Antrey waited for a moment, to make sure the old man had finished. “You’ve been wandering in the mountains ever since?” she asked.
He nodded. “It is my penance for all the blood I shed while I could see.” He stopped, as if he was fighting back something. Then he said, “You do not believe me, do you?”
Antrey wasn’t sure whether she believed it or not. “I have no reason to think you would lie to me, Emkar. What you say about what goes on here, in the mountains. The way,” she paused to try and find a delicate way to put it, but decided she could not, “the way you acted. It does make sense in light of what I have learned recently.” Next Antrey told him her story, from how she came to be Alban’s assistant to his death and her own exile.
When she had finished, Emkar said, “That explains where you have been, Antrey. But what does it say about where you are going?
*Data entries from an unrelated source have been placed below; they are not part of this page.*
(* Let $X$ and $Y$ be complete orthomodular lattices. Then (i) the set $\mathrm{Lin}(X,Y)$ of all linear maps $X\to Y$, ordered pointwise, is a complete lattice; and (ii) $\mathrm{Lin}(X)=\mathrm{Lin}(X,X)$, with composition as multiplication, the identity map as unit, pointwise joins, and involution $f\mapsto f^\star$, is a unital involutive quantale.
   Context: An ortholattice is a bounded lattice with an involutive order-reversing map $x\mapsto x^\perp$ satisfying $x\wedge x^\perp=0$; it is orthomodular if $x\le y$ implies $y=x\vee(x^\perp\wedge y)$. Write $x\perp y$ iff $x\le y^\perp$. A map $f\colon X\to Y$ between complete orthomodular lattices is linear if there is $h\colon Y\to X$ with $f(x)\perp y \iff x\perp h(y)$ for all $x,y$; such $h$ is unique, denoted $f^\star$. A quantale is a complete lattice $Q$ with an associative multiplication distributing over arbitrary joins on both sides; it is unital if it has $e$ with $e\cdot a=a=a\cdot e$ for all $a$; it is involutive if equipped with a semigroup involution $*$ (i.e. $a^{**}=a$, $(ab)^*=b^*a^*$) preserving arbitrary joins. *)

theory Defs
  imports Main
begin

definition complete_oml :: "('a::complete_lattice \<Rightarrow> 'a) \<Rightarrow> bool" where
  "complete_oml oc \<longleftrightarrow>
     (\<forall>x. oc (oc x) = x) \<and>
     (\<forall>x y. x \<le> y \<longrightarrow> oc y \<le> oc x) \<and>
     (\<forall>x. inf x (oc x) = bot) \<and>
     (\<forall>x y. x \<le> y \<longrightarrow> y = sup x (inf (oc x) y))"

definition orth :: "('a::complete_lattice \<Rightarrow> 'a) \<Rightarrow> 'a \<Rightarrow> 'a \<Rightarrow> bool" where
  "orth oc x y \<longleftrightarrow> x \<le> oc y"

definition is_adjoint ::
  "('a::complete_lattice \<Rightarrow> 'a) \<Rightarrow> ('b::complete_lattice \<Rightarrow> 'b) \<Rightarrow> ('a \<Rightarrow> 'b) \<Rightarrow> ('b \<Rightarrow> 'a) \<Rightarrow> bool" where
  "is_adjoint ocX ocY f h \<longleftrightarrow> (\<forall>x y. orth ocY (f x) y \<longleftrightarrow> orth ocX x (h y))"

definition linear_map ::
  "('a::complete_lattice \<Rightarrow> 'a) \<Rightarrow> ('b::complete_lattice \<Rightarrow> 'b) \<Rightarrow> ('a \<Rightarrow> 'b) \<Rightarrow> bool" where
  "linear_map ocX ocY f \<longleftrightarrow> (\<exists>h. is_adjoint ocX ocY f h)"

definition Lin ::
  "('a::complete_lattice \<Rightarrow> 'a) \<Rightarrow> ('b::complete_lattice \<Rightarrow> 'b) \<Rightarrow> ('a \<Rightarrow> 'b) set" where
  "Lin ocX ocY = {f. linear_map ocX ocY f}"

definition adj ::
  "('a::complete_lattice \<Rightarrow> 'a) \<Rightarrow> ('b::complete_lattice \<Rightarrow> 'b) \<Rightarrow> ('a \<Rightarrow> 'b) \<Rightarrow> ('b \<Rightarrow> 'a)" where
  "adj ocX ocY f = (THE h. is_adjoint ocX ocY f h)"

definition complete_lattice_on :: "'q set \<Rightarrow> ('q \<Rightarrow> 'q \<Rightarrow> bool) \<Rightarrow> bool" where
  "complete_lattice_on Q le \<longleftrightarrow>
     (\<forall>a\<in>Q. le a a) \<and>
     (\<forall>a\<in>Q. \<forall>b\<in>Q. le a b \<and> le b a \<longrightarrow> a = b) \<and>
     (\<forall>a\<in>Q. \<forall>b\<in>Q. \<forall>c\<in>Q. le a b \<and> le b c \<longrightarrow> le a c) \<and>
     (\<forall>A\<subseteq>Q. \<exists>s\<in>Q. (\<forall>a\<in>A. le a s) \<and> (\<forall>u\<in>Q. (\<forall>a\<in>A. le a u) \<longrightarrow> le s u)) \<and>
     (\<forall>A\<subseteq>Q. \<exists>i\<in>Q. (\<forall>a\<in>A. le i a) \<and> (\<forall>l\<in>Q. (\<forall>a\<in>A. le l a) \<longrightarrow> le l i))"

definition unital_involutive_quantale_on ::
  "'q set \<Rightarrow> ('q \<Rightarrow> 'q \<Rightarrow> bool) \<Rightarrow> ('q set \<Rightarrow> 'q) \<Rightarrow> ('q \<Rightarrow> 'q \<Rightarrow> 'q) \<Rightarrow> 'q \<Rightarrow> ('q \<Rightarrow> 'q) \<Rightarrow> bool"
  where
  "unital_involutive_quantale_on Q le J m e invo \<longleftrightarrow>
     complete_lattice_on Q le \<and>
     (\<forall>A\<subseteq>Q. J A \<in> Q \<and> (\<forall>a\<in>A. le a (J A)) \<and> (\<forall>u\<in>Q. (\<forall>a\<in>A. le a u) \<longrightarrow> le (J A) u)) \<and>
     (\<forall>a\<in>Q. \<forall>b\<in>Q. m a b \<in> Q) \<and>
     (\<forall>a\<in>Q. \<forall>b\<in>Q. \<forall>c\<in>Q. m (m a b) c = m a (m b c)) \<and>
     (\<forall>a\<in>Q. \<forall>A\<subseteq>Q. m a (J A) = J ((\<lambda>b. m a b) ` A) \<and> m (J A) a = J ((\<lambda>b. m b a) ` A)) \<and>
     e \<in> Q \<and> (\<forall>a\<in>Q. m e a = a \<and> m a e = a) \<and>
     (\<forall>a\<in>Q. invo a \<in> Q \<and> invo (invo a) = a) \<and>
     (\<forall>a\<in>Q. \<forall>b\<in>Q. invo (m a b) = m (invo b) (invo a)) \<and>
     (\<forall>A\<subseteq>Q. invo (J A) = J (invo ` A))"

end

theory Submission
  imports Defs
begin

text \<open>Adjoints of linear maps are linear, involutive and reverse composition. Through the
adjunction \<open>f x \<le> y\<^sup>\<perp> \<longleftrightarrow> x \<le> (f\<^sup>\<star> y)\<^sup>\<perp>\<close>, every linear map preserves arbitrary joins,
and the pointwise join of linear maps is linear with adjoint the pointwise join of the
adjoints. So the linear maps form a join-closed subset of the complete lattice of all maps,
composition distributes over joins, and the involution preserves joins.\<close>

lemma complete_oml_oc_oc: "complete_oml oc \<Longrightarrow> oc (oc x) = x"
  by (simp add: complete_oml_def)

lemma complete_oml_le_oc_commute: "complete_oml oc \<Longrightarrow> x \<le> oc y \<longleftrightarrow> y \<le> oc x"
  unfolding complete_oml_def by metis

lemma complete_oml_eq_iff_le_oc:
  assumes "complete_oml oc" and "\<And>z. x \<le> oc z \<longleftrightarrow> y \<le> oc z"
  shows "x = y"
  by (metis assms complete_oml_oc_oc order_antisym order_refl)

lemma is_adjoint_unique:
  assumes "complete_oml ocX" and "is_adjoint ocX ocY f h1" and "is_adjoint ocX ocY f h2"
  shows "h1 = h2"
proof
  fix y
  have "x \<le> ocX (h1 y) \<longleftrightarrow> x \<le> ocX (h2 y)" for x
    using assms(2,3) unfolding is_adjoint_def orth_def by blast
  then have "ocX (h1 y) = ocX (h2 y)" by (meson order_antisym order_refl)
  then show "h1 y = h2 y" by (metis assms(1) complete_oml_oc_oc)
qed

lemma adj_eqI:
  assumes "complete_oml ocX" and "is_adjoint ocX ocY f h"
  shows "adj ocX ocY f = h"
  unfolding adj_def using assms is_adjoint_unique by blast

lemma is_adjoint_adj:
  assumes "complete_oml ocX" and "f \<in> Lin ocX ocY"
  shows "is_adjoint ocX ocY f (adj ocX ocY f)"
  using assms adj_eqI unfolding Lin_def linear_map_def by fastforce

lemma is_adjoint_sym:
  assumes "complete_oml ocX" and "complete_oml ocY" and "is_adjoint ocX ocY f h"
  shows "is_adjoint ocY ocX h f"
  using assms complete_oml_le_oc_commute unfolding is_adjoint_def orth_def by metis

lemma is_adjoint_comp:
  assumes "is_adjoint ocY ocZ g hg" and "is_adjoint ocX ocY f hf"
  shows "is_adjoint ocX ocZ (g \<circ> f) (hf \<circ> hg)"
  using assms unfolding is_adjoint_def orth_def by simp

lemma is_adjoint_id: "is_adjoint oc oc id id"
  unfolding is_adjoint_def orth_def by simp

lemma is_adjoint_Sup:
  assumes "complete_oml ocX" and "A \<subseteq> Lin ocX ocY"
  shows "is_adjoint ocX ocY (Sup A) (Sup (adj ocX ocY ` A))"
  unfolding is_adjoint_def orth_def
proof (intro allI)
  fix x y
  have "Sup A x \<le> ocY y \<longleftrightarrow> (\<forall>f\<in>A. f x \<le> ocY y)" by (simp add: SUP_le_iff)
  also have "\<dots> \<longleftrightarrow> (\<forall>f\<in>A. x \<le> ocX (adj ocX ocY f y))"
    using is_adjoint_adj[OF assms(1)] assms(2) unfolding is_adjoint_def orth_def by blast
  also have "\<dots> \<longleftrightarrow> (\<forall>f\<in>A. adj ocX ocY f y \<le> ocX x)"
    using complete_oml_le_oc_commute[OF assms(1)] by blast
  also have "\<dots> \<longleftrightarrow> Sup (adj ocX ocY ` A) y \<le> ocX x" by (simp add: SUP_le_iff image_image)
  also have "\<dots> \<longleftrightarrow> x \<le> ocX (Sup (adj ocX ocY ` A) y)"
    using complete_oml_le_oc_commute[OF assms(1)] by blast
  finally show "Sup A x \<le> ocY y \<longleftrightarrow> x \<le> ocX (Sup (adj ocX ocY ` A) y)" .
qed

lemma is_adjoint_imp_Lin: "is_adjoint ocX ocY f h \<Longrightarrow> f \<in> Lin ocX ocY"
  unfolding Lin_def linear_map_def by blast

lemma Sup_in_Lin: "complete_oml ocX \<Longrightarrow> A \<subseteq> Lin ocX ocY \<Longrightarrow> Sup A \<in> Lin ocX ocY"
  by (blast intro: is_adjoint_imp_Lin is_adjoint_Sup)

lemma adj_Sup:
  "complete_oml ocX \<Longrightarrow> A \<subseteq> Lin ocX ocY \<Longrightarrow> adj ocX ocY (Sup A) = Sup (adj ocX ocY ` A)"
  by (blast intro: adj_eqI is_adjoint_Sup)

lemma id_in_Lin: "id \<in> Lin oc oc"
  by (rule is_adjoint_imp_Lin[OF is_adjoint_id])

lemma
  assumes "complete_oml ocX" and "complete_oml ocY" and "f \<in> Lin ocX ocY"
  shows adj_in_Lin: "adj ocX ocY f \<in> Lin ocY ocX"
    and adj_adj: "adj ocY ocX (adj ocX ocY f) = f"
proof -
  have "is_adjoint ocY ocX (adj ocX ocY f) f"
    by (rule is_adjoint_sym[OF assms(1,2) is_adjoint_adj[OF assms(1,3)]])
  then show "adj ocX ocY f \<in> Lin ocY ocX" and "adj ocY ocX (adj ocX ocY f) = f"
    by (simp_all add: is_adjoint_imp_Lin adj_eqI[OF assms(2)])
qed

lemma
  assumes "complete_oml ocX" and "complete_oml ocY" and "g \<in> Lin ocY ocZ" and "f \<in> Lin ocX ocY"
  shows comp_in_Lin: "g \<circ> f \<in> Lin ocX ocZ"
    and adj_comp: "adj ocX ocZ (g \<circ> f) = adj ocX ocY f \<circ> adj ocY ocZ g"
proof -
  have "is_adjoint ocX ocZ (g \<circ> f) (adj ocX ocY f \<circ> adj ocY ocZ g)"
    by (rule is_adjoint_comp[OF is_adjoint_adj[OF assms(2,3)] is_adjoint_adj[OF assms(1,4)]])
  then show "g \<circ> f \<in> Lin ocX ocZ" and "adj ocX ocZ (g \<circ> f) = adj ocX ocY f \<circ> adj ocY ocZ g"
    by (simp_all add: is_adjoint_imp_Lin adj_eqI[OF assms(1)])
qed

lemma Lin_preserves_Sup:
  assumes "complete_oml ocX" and "complete_oml ocY" and "f \<in> Lin ocX ocY"
  shows "f (Sup S) = Sup (f ` S)"
proof (rule complete_oml_eq_iff_le_oc[OF assms(2)])
  fix y
  have adjunction: "f x \<le> ocY y \<longleftrightarrow> x \<le> ocX (adj ocX ocY f y)" for x
    using is_adjoint_adj[OF assms(1,3)] unfolding is_adjoint_def orth_def by blast
  have "f (Sup S) \<le> ocY y \<longleftrightarrow> Sup S \<le> ocX (adj ocX ocY f y)" by (fact adjunction)
  also have "\<dots> \<longleftrightarrow> (\<forall>s\<in>S. f s \<le> ocY y)" by (simp add: Sup_le_iff adjunction)
  also have "\<dots> \<longleftrightarrow> Sup (f ` S) \<le> ocY y" by (simp add: SUP_le_iff)
  finally show "f (Sup S) \<le> ocY y \<longleftrightarrow> Sup (f ` S) \<le> ocY y" .
qed

lemma comp_Sup_distrib_left:
  assumes "\<And>S. f (Sup S) = Sup (f ` S)"
  shows "f \<circ> Sup A = Sup ((\<circ>) f ` A)"
  by (rule ext) (simp add: assms image_image)

lemma comp_Sup_distrib_right: "Sup A \<circ> f = Sup ((\<lambda>g. g \<circ> f) ` A)"
  by (rule ext) (simp add: image_image)

lemma complete_lattice_on_Sup_closed:
  fixes Q :: "'a::complete_lattice set"
  assumes "\<And>A. A \<subseteq> Q \<Longrightarrow> Sup A \<in> Q"
  shows "complete_lattice_on Q (\<le>)"
  unfolding complete_lattice_on_def
proof (intro conjI ballI allI impI)
  fix A assume "A \<subseteq> Q"
  then show "\<exists>s\<in>Q. (\<forall>a\<in>A. a \<le> s) \<and> (\<forall>u\<in>Q. (\<forall>a\<in>A. a \<le> u) \<longrightarrow> s \<le> u)"
    using assms by (auto intro: Sup_upper Sup_least)
  text \<open>Meets in \<open>Q\<close> are joins of lower bounds, not the ambient meets.\<close>
  show "\<exists>i\<in>Q. (\<forall>a\<in>A. i \<le> a) \<and> (\<forall>l\<in>Q. (\<forall>a\<in>A. l \<le> a) \<longrightarrow> l \<le> i)"
    by (rule bexI[of _ "Sup {l \<in> Q. \<forall>a\<in>A. l \<le> a}"]) (auto intro: Sup_upper Sup_least assms)
qed auto

lemma complete_lattice_on_Lin: "complete_oml ocX \<Longrightarrow> complete_lattice_on (Lin ocX ocY) (\<le>)"
  by (simp add: complete_lattice_on_Sup_closed Sup_in_Lin)

lemma unital_involutive_quantale_on_Lin:
  assumes "complete_oml oc"
  shows "unital_involutive_quantale_on (Lin oc oc) (\<le>) Sup (\<circ>) id (adj oc oc)"
proof -
  have "a \<circ> Sup A = Sup ((\<circ>) a ` A)" if "a \<in> Lin oc oc" for a A
    using comp_Sup_distrib_left Lin_preserves_Sup[OF assms assms that] by blast
  then show ?thesis
    unfolding unital_involutive_quantale_on_def
    using assms complete_lattice_on_Lin Sup_in_Lin id_in_Lin adj_in_Lin adj_adj comp_in_Lin
      adj_comp adj_Sup comp_Sup_distrib_right
    by (auto intro: Sup_upper Sup_least simp: o_assoc)
qed

theorem mainTheorem3:
  fixes ocX :: "'a::complete_lattice \<Rightarrow> 'a" and ocY :: "'b::complete_lattice \<Rightarrow> 'b"
  assumes "complete_oml ocX" and "complete_oml ocY"
  shows "complete_lattice_on (Lin ocX ocY) (\<le>) \<and>
         unital_involutive_quantale_on (Lin ocX ocX) (\<le>) Sup (\<circ>) id (adj ocX ocX)"
  using assms(1) complete_lattice_on_Lin unital_involutive_quantale_on_Lin by blast

end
Or why you are here, sharing your fire with a crazy, old, blind man perched on the side of a frozen Neldathi mountain?”
“I suppose it doesn’t,” Antrey said. She had stopped her story before she got to the plan she had made before she crossed the river.
“Then why are you here?” he asked in an insistent pleading tone. “You must have a reason to have run this way rather than some other when you left Tolenor.”
Before answering, Antrey wondered about the wisdom of confiding in a stranger who, quite possibly, was mad. She decided the truth would come out eventually. Might as well start seeding it and see how it grows. “I want them to know?” she said.